Kernel Bug on Linux 4.1.31, possibly nilfs, not sure

[Date Prev][Date Next][Thread Prev][Thread Next][Date Index][Thread Index]

 



Hi, I've started getting "kernel bug" messages on a few systems. At first I wasn't sure if it was related to faulty hardware or not. The kernel stack traces do not always mention nilfs, but they roughly relate to the times when we make nilfs snapshots of our system (rsync from ext4 into nilfs).

We use the same kernel image on several dozen systems, and aside from one server, there have only been two crashes like this in the past two months. (that "one server" though has crashed about four or five times, which is why I suspected hardware at first)

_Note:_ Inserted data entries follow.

definition join_formula :: "('o \<Rightarrow> ('o \<times> 'm) list set) \<Rightarrow> ('o \<Rightarrow> ('o \<times> 'm) list set) \<Rightarrow>
    'o \<Rightarrow> ('o \<times> 'm) list set" where
  "join_formula C D V = (\<Union>n. (((\<lambda>E. Cl_hat C (Cl_hat D E)) ^^ n) (\<lambda>W. C W \<union> D W)) V)"

end

end

(*
  Meets are intersections, since every defining property of a weak indexing system passes to
  intersections.

  For the join J = \<Union>n (Cl_C Cl_D)^n (C \<union> D), each closure step preserves closure under
  isomorphisms and restrictions. This is where T being orbital enters: restricting \<Coprod>^S_U T_U
  along a : U \<rightarrow> V gives the coproduct indexed by the restriction S' of S whose summand at an orbit
  of S' is the restriction of T_U, for U the orbit of S below it. Pullback squares are checked on
  points, i.e. on morphisms out of representables. Closure of J under J-indexed coproducts is
  proved stage by stage: a coproduct indexed by X \<cong> \<Coprod>^S_U T_U is transported along the
  isomorphism and rebracketed as an S-indexed coproduct of T_U-indexed coproducts, so it suffices
  that S and the T_U index coproducts staying in J. Any weak indexing system containing C and D is
  closed under both closure operators, which gives minimality, and the stages of J are nonempty
  only where C or D is, which gives the terminal objects.
*)

theory Submission
  imports Defs
begin

definition block_index :: "(nat \<Rightarrow> nat) \<Rightarrow> nat \<Rightarrow> nat \<Rightarrow> nat" where
  "block_index L i l = (\<Sum>j<i. L j) + l"

lemma length_concat_map_upt:
  "(\<And>j. j < n \<Longrightarrow> length (F j) = L j) \<Longrightarrow> length (concat (map F [0..<n])) = (\<Sum>j<n. L j)"
  by (induction n) auto

lemma block_index_less: "i < n \<Longrightarrow> l < L i \<Longrightarrow> block_index L i l < (\<Sum>j<n. L j)"
proof (induction n)
  case (Suc n)
  show ?case
  proof (cases "i < n")
    case False
    then have "i = n"
      using Suc.prems by simp
    then show ?thesis
      using Suc.prems by (simp add: block_index_def)
  qed (use Suc in simp)
qed simp

lemma nth_concat_block_index:
  assumes "\<And>j. j < n \<Longrightarrow> length (F j) = L j" "i < n" "l < L i"
  shows "concat (map F [0..<n]) ! block_index L i l = F i ! l"
  using assms
proof (induction n)
  case (Suc n)
  have len: "length (concat (map F [0..<n])) = (\<Sum>j<n. L j)"
    using length_concat_map_upt[of n F L] Suc.prems(1) by simp
  show ?case
  proof (cases "i < n")
    case True
    then show ?thesis
      using Suc block_index_less[of i n l L] len by (simp add: nth_append)
  next
    case False
    then have "i = n"
      using Suc.prems(2) by simp
    then show ?thesis
      using len by (simp add: nth_append block_index_def)
  qed
qed simp

lemma block_indexE:
  assumes "k < (\<Sum>j<n. L j)"
  obtains i l where "i < n" "l < L i" "k = block_index L i l"
proof -
  have "\<exists>i<n. \<exists>l<L i. k = block_index L i l"
    using assms
  proof (induction n)
    case (Suc n)
    show ?case
    proof (cases "k < (\<Sum>j<n. L j)")
      case True
      then show ?thesis
        using Suc.IH less_SucI by blast
    next
      case False
      then have "k = block_index L n (k - (\<Sum>j<n. L j))" "k - (\<Sum>j<n. L j) < L n"
        using Suc.prems by (auto simp: block_index_def)
      then show ?thesis
        by blast
    qed
  qed simp
  then show ?thesis
    using that by blast
qed

lemma block_index_inject:
  assumes "l < L i" "l' < L i'"
  shows "block_index L i l = block_index L i' l' \<longleftrightarrow> i = i' \<and> l = l'"
proof
  have less: "block_index L a b < block_index L a' b'" if "a < a'" "b < L a" for a a' b b'
  proof -
    have "block_index L a b < (\<Sum>j<Suc a. L j)"
      using that by (simp add: block_index_def)
    also have "\<dots> \<le> (\<Sum>j<a'. L j)"
      using that by (intro sum_mono2) auto
    also have "\<dots> \<le> block_index L a' b'"
      by (simp add: block_index_def)
    finally show ?thesis .
  qed
  assume eq: "block_index L i l = block_index L i' l'"
  then have "i = i'"
    using less[of i i' l l'] less[of i' i l' l] assms by (metis linorder_neqE_nat less_irrefl)
  then show "i = i' \<and> l = l'"
    using eq by (simp add: block_index_def)
qed simp

lemma upt_block_index:
  "[0..<(\<Sum>j<n. L j)] = concat (map (\<lambda>i. map (block_index L i) [0..<L i]) [0..<n])"
proof (induction n)
  case (Suc n)
  let ?a = "\<Sum>j<n. L j"
  have "map (block_index L n) [0..<L n] = map (\<lambda>l. l + ?a) [0..<L n]"
    by (simp add: block_index_def add.commute)
  also have "\<dots> = [?a..<?a + L n]"
    by (simp add: map_add_upt add.commute)
  finally have "map (block_index L n) [0..<L n] = [?a..<?a + L n]" .
  moreover have "[0..<?a + L n] = [0..<?a] @ [?a..<?a + L n]"
    by (rule upt_add_eq_append) simp
  ultimately show ?case
    using Suc.IH by simp
qed simp

lemma concat_map_concat: "concat (map G (concat xss)) = concat (map (\<lambda>xs. concat (map G xs)) xss)"
  by (induction xss) auto

subsection \<open>The category \<open>F_T\<close> seen through its points\<close>

locale orbital_category = cat_data Ob Hom cmp idm
  for Ob :: "'o set" and Hom :: "'o \<Rightarrow> 'o \<Rightarrow> 'm set"
    and cmp :: "'m \<Rightarrow> 'm \<Rightarrow> 'm" and idm :: "'o \<Rightarrow> 'm" +
  assumes category: "category Ob Hom cmp idm"
    and orbital: "orbital"
begin

lemma idm_hom: "X \<in> Ob \<Longrightarrow> idm X \<in> Hom X X"
  using category unfolding category_def by blast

However I just had one happen on a Linode, which is pretty reliable hardware, so I figured I'd post and see what people think. The end of the kernel log is attached.

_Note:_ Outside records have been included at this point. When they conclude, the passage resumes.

lemma OA_br:
  assumes "x \<in> OA" "y \<in> OA"
  shows "loop_br x y \<in> OA"
proof -
  obtain p q where x: "x = (p, lp_refl p, q)" "is_lpoly p" "is_lpoly q" "lp_refl q = lp_neg q"
    using assms(1) by (rule OA_memE)
  obtain p' q' where y: "y = (p', lp_refl p', q')" "is_lpoly p'" "is_lpoly q'" "lp_refl q' = lp_neg q'"
    using assms(2) by (rule OA_memE)
  have odd: "lp_eval q (inverse t) = - lp_eval q t" "lp_eval q' (inverse t) = - lp_eval q' t" for t
    using arg_cong[OF x(4), of "\<lambda>c. lp_eval c t"] arg_cong[OF y(4), of "\<lambda>c. lp_eval c t"]
    by (simp_all add: lp_eval_refl lp_eval_neg)
  define P where "P = lp_smult 2 (lp_add (lp_mult q p') (lp_neg (lp_mult p q')))"
  define Q where "Q = lp_add (lp_mult p (lp_refl p')) (lp_neg (lp_mult (lp_refl p) p'))"
  have "lp_refl P = lp_smult 2 (lp_add (lp_mult (lp_refl p) q') (lp_neg (lp_mult q (lp_refl p'))))"
    using x y by (intro lpoly_eqI)
      (auto simp: P_def lp_eval_refl lp_eval_smult lp_eval_add lp_eval_neg lp_eval_mult odd algebra_simps)
  moreover have "lp_refl Q = lp_neg Q"
    using x y by (intro lpoly_eqI)
      (auto simp: Q_def lp_eval_refl lp_eval_add lp_eval_neg lp_eval_mult)
  ultimately show ?thesis using x y by (auto simp: OA_def loop_br_def P_def Q_def)
qed

lemma s_map_add:
  assumes "a \<noteq> 0" "x \<in> loop_carrier" "y \<in> loop_carrier"
  shows "s_map a (loop_add x y) = ps_add (s_map a x) (s_map a y)"
  using assms by (cases x; cases y) (simp add: loop_carrier_def loop_add_def s_map_def ps_add_def taylor_add)

lemma s_map_smult:
  assumes "a \<noteq> 0" "x \<in> loop_carrier"
  shows "s_map a (loop_smult z x) = ps_smult z (s_map a x)"
  using assms by (cases x) (simp add: loop_carrier_def loop_smult_def s_map_def ps_smult_def taylor_smult)

lemma s_map_br:
  assumes "a \<noteq> 0" "x \<in> loop_carrier" "y \<in> loop_carrier"
  shows "s_map a (loop_br x y) = ps_br (s_map a x) (s_map a y)"
  using assms
  by (cases x; cases y) (simp add: loop_carrier_def loop_br_def s_map_def ps_br_def taylor_add taylor_smult
      taylor_neg taylor_mult numeral_fps_const)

I'm worried that something is corrupting kernel memory, and then causing crashes in un-related parts of the kernel. I'm really not sure how to narrow it down other than turning off the nilfs snapshots and see if it continues to happen, though then i have to come up with another backup solution in the mean time.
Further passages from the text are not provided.